definition kappa_fat :: "real \<Rightarrow> 'a::euclidean_space set \<Rightarrow> bool" where
  "kappa_fat \<kappa> D \<longleftrightarrow> 0 < \<kappa> \<and> \<kappa> < 1 \<and>
     (\<exists>R1>0. \<forall>x\<in>closure D. \<forall>r. 0 < r \<and> r \<le> R1 \<longrightarrow>
        (\<exists>A. ball A (\<kappa> * r) \<subseteq> D \<inter> ball x r))"

end

theory Submission
  imports Defs
begin

text \<open>
  Up to time t the process stays in B(x0, 4ar) if
  (i) the Brownian path moves less than 2ar up to time h = (ar/R)^2,
  (ii) the subordinator S has not reached h by time s = 1/(20 phi(1/h)), and
  (iii) T has not reached s by time t = 1/(20 psi(1/s)).
  Ottaviani's maximal inequality on dyadic times together with path continuity bounds the failure
  of (i) by 1/9, once R is chosen so that the standard Gaussian puts mass at most 1/10 outside the
  ball of radius R; the Laplace transform bounds P(S_s >= h) <= 2 s phi(1/h) = 1/10 and likewise
  for (iii). Hence E_x tau >= t/2, and weak scaling of phi and psi compares t with
  1/psi(phi(r^-2)) = 1/psi(Phi(r)^-1) up to a constant. The comparison of the two exit times is
  monotonicity of exit times in the set.
\<close>

section \<open>Ottaviani's maximal inequality\<close>

definition first_passage :: "real \<Rightarrow> (nat \<Rightarrow> real) \<Rightarrow> nat \<Rightarrow> bool" where
  "first_passage c f k \<longleftrightarrow> c \<le> f k \<and> (\<forall>j\<in>{..<k}. f j < c)"

lemma ex_first_passage: "(\<exists>k\<le>n. c \<le> f k) \<longleftrightarrow> (\<exists>k\<le>n. first_passage c f k)"
proof
  assume "\<exists>k\<le>n. c \<le> f k"
  then obtain k where k: "k \<le> n" "c \<le> f k" by blast
  define m where "m = (LEAST m. c \<le> f m)"
  have "first_passage c f m"
    unfolding first_passage_def m_def using k(2) by (auto intro: LeastI dest: not_less_Least)
  moreover have "m \<le> n" unfolding m_def using k by (meson Least_le order.trans)
  ultimately show "\<exists>k\<le>n. first_passage c f k" by blast
qed (auto simp: first_passage_def)

lemma first_passage_unique: "first_passage c f k \<Longrightarrow> first_passage c f m \<Longrightarrow> k = m"
  unfolding first_passage_def by (metis lessThan_iff linorder_neqE_nat not_le)

lemma first_passage_cong: "(\<And>j. j \<le> k \<Longrightarrow> f j = g j) \<Longrightarrow> first_passage c f k = first_passage c g k"
  unfolding first_passage_def by auto

lemma (in prob_space) indep_vars_prefix_suffix:
  fixes X :: "nat \<Rightarrow> 'a \<Rightarrow> 'b::topological_space"
  assumes ind: "indep_vars (\<lambda>_. borel) X {..<n}" and "k \<le> n"
    and P: "P \<in> PiM {..<k} (\<lambda>_. borel) \<rightarrow>\<^sub>M count_space UNIV"
    and Q: "Q \<in> PiM {k..<n} (\<lambda>_. borel) \<rightarrow>\<^sub>M count_space UNIV"
  shows "prob {\<omega>\<in>space M. P (\<lambda>i\<in>{..<k}. X i \<omega>) \<and> Q (\<lambda>i\<in>{k..<n}. X i \<omega>)}
       = prob {\<omega>\<in>space M. P (\<lambda>i\<in>{..<k}. X i \<omega>)} * prob {\<omega>\<in>space M. Q (\<lambda>i\<in>{k..<n}. X i \<omega>)}"
proof -
  have indep: "indep_var (PiM {..<k} (\<lambda>_. borel)) (\<lambda>\<omega>. \<lambda>i\<in>{..<k}. X i \<omega>)
                  (PiM {k..<n} (\<lambda>_. borel)) (\<lambda>\<omega>. \<lambda>i\<in>{k..<n}. X i \<omega>)"
    using \<open>k \<le> n\<close> by (intro indep_var_restrict[OF ind]) auto
  have "indep_var (count_space UNIV) (P \<circ> (\<lambda>\<omega>. \<lambda>i\<in>{..<k}. X i \<omega>))
                       (count_space UNIV) (Q \<circ> (\<lambda>\<omega>. \<lambda>i\<in>{k..<n}. X i \<omega>))"
    by (rule indep_var_compose[OF indep P Q])
  from indep_varD[OF this, of "{True}" "{True}"] show ?thesis
    by (simp add: vimage_def Int_def conj_commute)
qed

lemma (in prob_space) indep_first_passage_tail:
  fixes X :: "nat \<Rightarrow> 'a \<Rightarrow> 'v::euclidean_space"
  assumes ind: "indep_vars (\<lambda>_. borel) X {..<n}" and "k \<le> n"
  shows "prob {\<omega>\<in>space M. first_passage c (\<lambda>j. norm (\<Sum>i<j. X i \<omega>)) k \<and> norm (\<Sum>i\<in>{k..<n}. X i \<omega>) < lam}
       = prob {\<omega>\<in>space M. first_passage c (\<lambda>j. norm (\<Sum>i<j. X i \<omega>)) k}
         * prob {\<omega>\<in>space M. norm (\<Sum>i\<in>{k..<n}. X i \<omega>) < lam}"
proof -
  let ?P = "\<lambda>x. first_passage c (\<lambda>j. norm (\<Sum>i<j. x i)) k"
  let ?Q = "\<lambda>x. norm (\<Sum>i\<in>{k..<n}. x i) < lam"
  have "?P (\<lambda>i\<in>{..<k}. X i \<omega>) = first_passage c (\<lambda>j. norm (\<Sum>i<j. X i \<omega>)) k" for \<omega>
    by (auto cong: first_passage_cong)
  moreover have "?Q (\<lambda>i\<in>{k..<n}. X i \<omega>) = (norm (\<Sum>i\<in>{k..<n}. X i \<omega>) < lam)" for \<omega>
    by simp
  moreover have "prob {\<omega>\<in>space M. ?P (\<lambda>i\<in>{..<k}. X i \<omega>) \<and> ?Q (\<lambda>i\<in>{k..<n}. X i \<omega>)}
      = prob {\<omega>\<in>space M. ?P (\<lambda>i\<in>{..<k}. X i \<omega>)} * prob {\<omega>\<in>space M. ?Q (\<lambda>i\<in>{k..<n}. X i \<omega>)}"
    by (rule indep_vars_prefix_suffix[OF ind \<open>k \<le> n\<close>]) (unfold first_passage_def, measurable)
  ultimately show ?thesis
    by simp
qed

lemma (in prob_space) prob_disjoint_union_indep_ge:
  assumes "finite I" and "A ` I \<subseteq> events" and "B ` I \<subseteq> events" and "disjoint_family_on A I"
    and "\<And>i. i \<in> I \<Longrightarrow> 1 - \<beta> \<le> prob (B i)"
    and "\<And>i. i \<in> I \<Longrightarrow> prob (A i \<inter> B i) = prob (A i) * prob (B i)"
  shows "(1 - \<beta>) * prob (\<Union>i\<in>I. A i) \<le> prob (\<Union>i\<in>I. A i \<inter> B i)"
proof -
  have "(1 - \<beta>) * prob (\<Union>i\<in>I. A i) = (\<Sum>i\<in>I. (1 - \<beta>) * prob (A i))"
    using assms by (subst finite_measure_finite_Union) (auto simp: sum_distrib_left)
  also have "\<dots> \<le> (\<Sum>i\<in>I. prob (A i \<inter> B i))"
    using assms(5,6) by (intro sum_mono) (metis measure_nonneg mult.commute mult_left_mono)
  also have "\<dots> = prob (\<Union>i\<in>I. A i \<inter> B i)"
    using assms by (subst finite_measure_finite_Union) (auto simp: disjoint_family_on_def, blast)
  finally show ?thesis .
qed

lemma (in prob_space) ottaviani:
  fixes X :: "nat \<Rightarrow> 'a \<Rightarrow> 'v::euclidean_space"
  assumes ind: "indep_vars (\<lambda>_. borel) X {..<n}"
    and lam: "0 < lam" and \<beta>: "0 \<le> \<beta>"
    and tail: "\<And>k. k < n \<Longrightarrow> prob {\<omega>\<in>space M. lam \<le> norm (\<Sum>i\<in>{k..<n}. X i \<omega>)} \<le> \<beta>"
  shows "(1 - \<beta>) * prob {\<omega>\<in>space M. \<exists>k\<le>n. 2*lam \<le> norm (\<Sum>i<k. X i \<omega>)}
         \<le> prob {\<omega>\<in>space M. lam \<le> norm (\<Sum>i<n. X i \<omega>)}"
proof -
  have X[measurable]: "X i \<in> borel_measurable M" if "i < n" for i
    using ind that by (auto simp: indep_vars_def)
  define A where "A k = {\<omega>\<in>space M. first_passage (2*lam) (\<lambda>j. norm (\<Sum>i<j. X i \<omega>)) k}" for k
  define B where "B k = {\<omega>\<in>space M. norm (\<Sum>i\<in>{k..<n}. X i \<omega>) < lam}" for k
  have A_ev: "A k \<in> events" if "k \<le> n" for k
  proof -
    have [measurable]: "X i \<in> borel_measurable M" if "i < k" for i
      using X that \<open>k \<le> n\<close> by simp
    show ?thesis unfolding A_def first_passage_def by measurable
  qed
  have B_ev: "B k \<in> events" if "k \<le> n" for k
    using that unfolding B_def by measurable
  have union: "{\<omega>\<in>space M. \<exists>k\<le>n. 2*lam \<le> norm (\<Sum>i<k. X i \<omega>)} = (\<Union>k\<le>n. A k)"
    unfolding A_def using ex_first_passage[of n "2*lam"] by auto
  have disj: "disjoint_family_on A {..n}"
    unfolding disjoint_family_on_def A_def using first_passage_unique by blast
  have PB: "1 - \<beta> \<le> prob (B k)" if "k \<le> n" for k
  proof (cases "k = n")
    case True
    then show ?thesis using lam \<beta> by (simp add: B_def prob_space)
  next
    case False
    have "space M - B k = {\<omega>\<in>space M. lam \<le> norm (\<Sum>i\<in>{k..<n}. X i \<omega>)}"
      by (auto simp: B_def)
    then have "prob (space M - B k) \<le> \<beta>"
      using that False tail[of k] by simp
    then show ?thesis using prob_compl[OF B_ev[OF that]] by simp
  qed
  have AB: "prob (A k \<inter> B k) = prob (A k) * prob (B k)" if "k \<le> n" for k
  proof -
    have "A k \<inter> B k = {\<omega>\<in>space M. first_passage (2*lam) (\<lambda>j. norm (\<Sum>i<j. X i \<omega>)) k
        \<and> norm (\<Sum>i\<in>{k..<n}. X i \<omega>) < lam}"
      by (auto simp: A_def B_def)
    then show ?thesis
      unfolding A_def B_def by (simp only: indep_first_passage_tail[OF ind that])
  qed
  have AB_sub: "A k \<inter> B k \<subseteq> {\<omega>\<in>space M. lam \<le> norm (\<Sum>i<n. X i \<omega>)}" if "k \<le> n" for k
  proof
    fix \<omega> assume \<omega>: "\<omega> \<in> A k \<inter> B k"
    have "(\<Sum>i<n. X i \<omega>) = (\<Sum>i<k. X i \<omega>) + (\<Sum>i\<in>{k..<n}. X i \<omega>)"
      using that by (simp add: lessThan_atLeast0 sum.atLeastLessThan_concat)
    then have "norm (\<Sum>i<k. X i \<omega>) \<le> norm (\<Sum>i<n. X i \<omega>) + norm (\<Sum>i\<in>{k..<n}. X i \<omega>)"
      by (metis add_diff_cancel_right' norm_triangle_ineq4)
    then show "\<omega> \<in> {\<omega>\<in>space M. lam \<le> norm (\<Sum>i<n. X i \<omega>)}"
      using \<omega> by (auto simp: A_def B_def first_passage_def)
  qed
  have "(1 - \<beta>) * prob (\<Union>k\<le>n. A k) \<le> prob (\<Union>k\<le>n. A k \<inter> B k)"
    using A_ev B_ev disj PB AB by (intro prob_disjoint_union_indep_ge) auto
  also have "\<dots> \<le> prob {\<omega>\<in>space M. lam \<le> norm (\<Sum>i<n. X i \<omega>)}"
    using AB_sub by (intro finite_measure_mono) (auto, measurable)
  finally show ?thesis unfolding union .
qed

section \<open>Maximal displacement of Brownian motion\<close>

abbreviation heat_law :: "real \<Rightarrow> 'a::euclidean_space measure" where
  "heat_law t \<equiv> density lborel (\<lambda>y. ennreal (heat_kernel t y))"

lemma heat_kernel_scaleR:
  fixes x :: "'a::euclidean_space"
  assumes s: "0 < s"
  shows "heat_kernel s (sqrt s *\<^sub>R x) * sqrt s ^ DIM('a) = heat_kernel 1 x"
proof -
  have e: "exp (- (norm (sqrt s *\<^sub>R x))\<^sup>2 / (4 * s)) = exp (- (norm x)\<^sup>2 / 4)"
    using s by (simp add: power_mult_distrib)
  have p: "(4 * pi * s) powr (- real DIM('a) / 2) = (4 * pi) powr (- real DIM('a) / 2) * s powr (- real DIM('a) / 2)"
    using s by (simp add: powr_mult)
  have q: "sqrt s ^ DIM('a) = s powr (real DIM('a) / 2)"
    using s by (simp add: sqrt_def real_root_pos_pos powr_powr root_powr_inverse flip: powr_realpow)
  have r: "s powr (- real DIM('a) / 2) * s powr (real DIM('a) / 2) = 1"
    using s by (simp add: powr_add[symmetric])
  show ?thesis unfolding heat_kernel_def e p q
    using r by (simp add: mult.assoc mult.left_commute)
qed

lemma heat_kernel_nonneg: "0 \<le> heat_kernel t y"
  unfolding heat_kernel_def by simp

lemma borel_measurable_heat_kernel[measurable]:
  "heat_kernel t \<in> borel_measurable (borel :: 'a::euclidean_space measure)"
  unfolding heat_kernel_def[abs_def] by measurable

lemma emeasure_heat_law_tail:
  assumes s: "0 < s"
  shows "emeasure (heat_law s) {y::'a::euclidean_space. lam \<le> norm y}
       = emeasure (heat_law 1) {x::'a. lam / sqrt s \<le> norm x}"
proof -
  let ?c = "sqrt s"
  have c: "?c \<noteq> 0" using s by simp
  have "emeasure (heat_law s) {y::'a. lam \<le> norm y}
      = (\<integral>\<^sup>+ y. ennreal (heat_kernel s y) * indicator {y::'a. lam \<le> norm y} y \<partial>lborel)"
    by (subst emeasure_density) auto
  also have "\<dots> = (\<integral>\<^sup>+ x. ennreal (\<bar>?c\<bar> ^ DIM('a)) *
      (ennreal (heat_kernel s (0 + ?c *\<^sub>R x)) * indicator {y::'a. lam \<le> norm y} (0 + ?c *\<^sub>R x)) \<partial>lborel)"
    by (subst lborel_affine[OF c, of 0]) (simp add: nn_integral_density nn_integral_distr)
  also have "\<dots> = (\<integral>\<^sup>+ x. ennreal (heat_kernel 1 x) * indicator {x::'a. lam / ?c \<le> norm x} x \<partial>lborel)"
  proof (intro nn_integral_cong)
    fix x :: 'a
    have "(lam \<le> norm (?c *\<^sub>R x)) = (lam / ?c \<le> norm x)"
      using s by (simp add: divide_le_eq mult.commute)
    then show "ennreal (\<bar>?c\<bar> ^ DIM('a)) * (ennreal (heat_kernel s (0 + ?c *\<^sub>R x)) *
        indicator {y::'a. lam \<le> norm y} (0 + ?c *\<^sub>R x))
        = ennreal (heat_kernel 1 x) * indicator {x::'a. lam / ?c \<le> norm x} x"
      using heat_kernel_scaleR[OF s, of x] heat_kernel_nonneg[of s] s
      by (auto simp: indicator_def ennreal_mult'[symmetric] mult.commute)
  qed
  also have "\<dots> = emeasure (heat_law 1) {x::'a. lam / ?c \<le> norm x}"
    by (subst emeasure_density) auto
  finally show ?thesis .
qed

Directions: Produce a verbatim copy of the lines from the one holding "fix x :: 'a" to the final line of the data, and nothing more.

Task response:
    fix x :: 'a
    have "(lam \<le> norm (?c *\<^sub>R x)) = (lam / ?c \<le> norm x)"
      using s by (simp add: divide_le_eq mult.commute)
    then show "ennreal (\<bar>?c\<bar> ^ DIM('a)) * (ennreal (heat_kernel s (0 + ?c *\<^sub>R x)) *
        indicator {y::'a. lam \<le> norm y} (0 + ?c *\<^sub>R x))
        = ennreal (heat_kernel 1 x) * indicator {x::'a. lam / ?c \<le> norm x} x"
      using heat_kernel_scaleR[OF s, of x] heat_kernel_nonneg[of s] s
      by (auto simp: indicator_def ennreal_mult'[symmetric] mult.commute)
  qed
  also have "\<dots> = emeasure (heat_law 1) {x::'a. lam / ?c \<le> norm x}"
    by (subst emeasure_density) auto
  finally show ?thesis .
qed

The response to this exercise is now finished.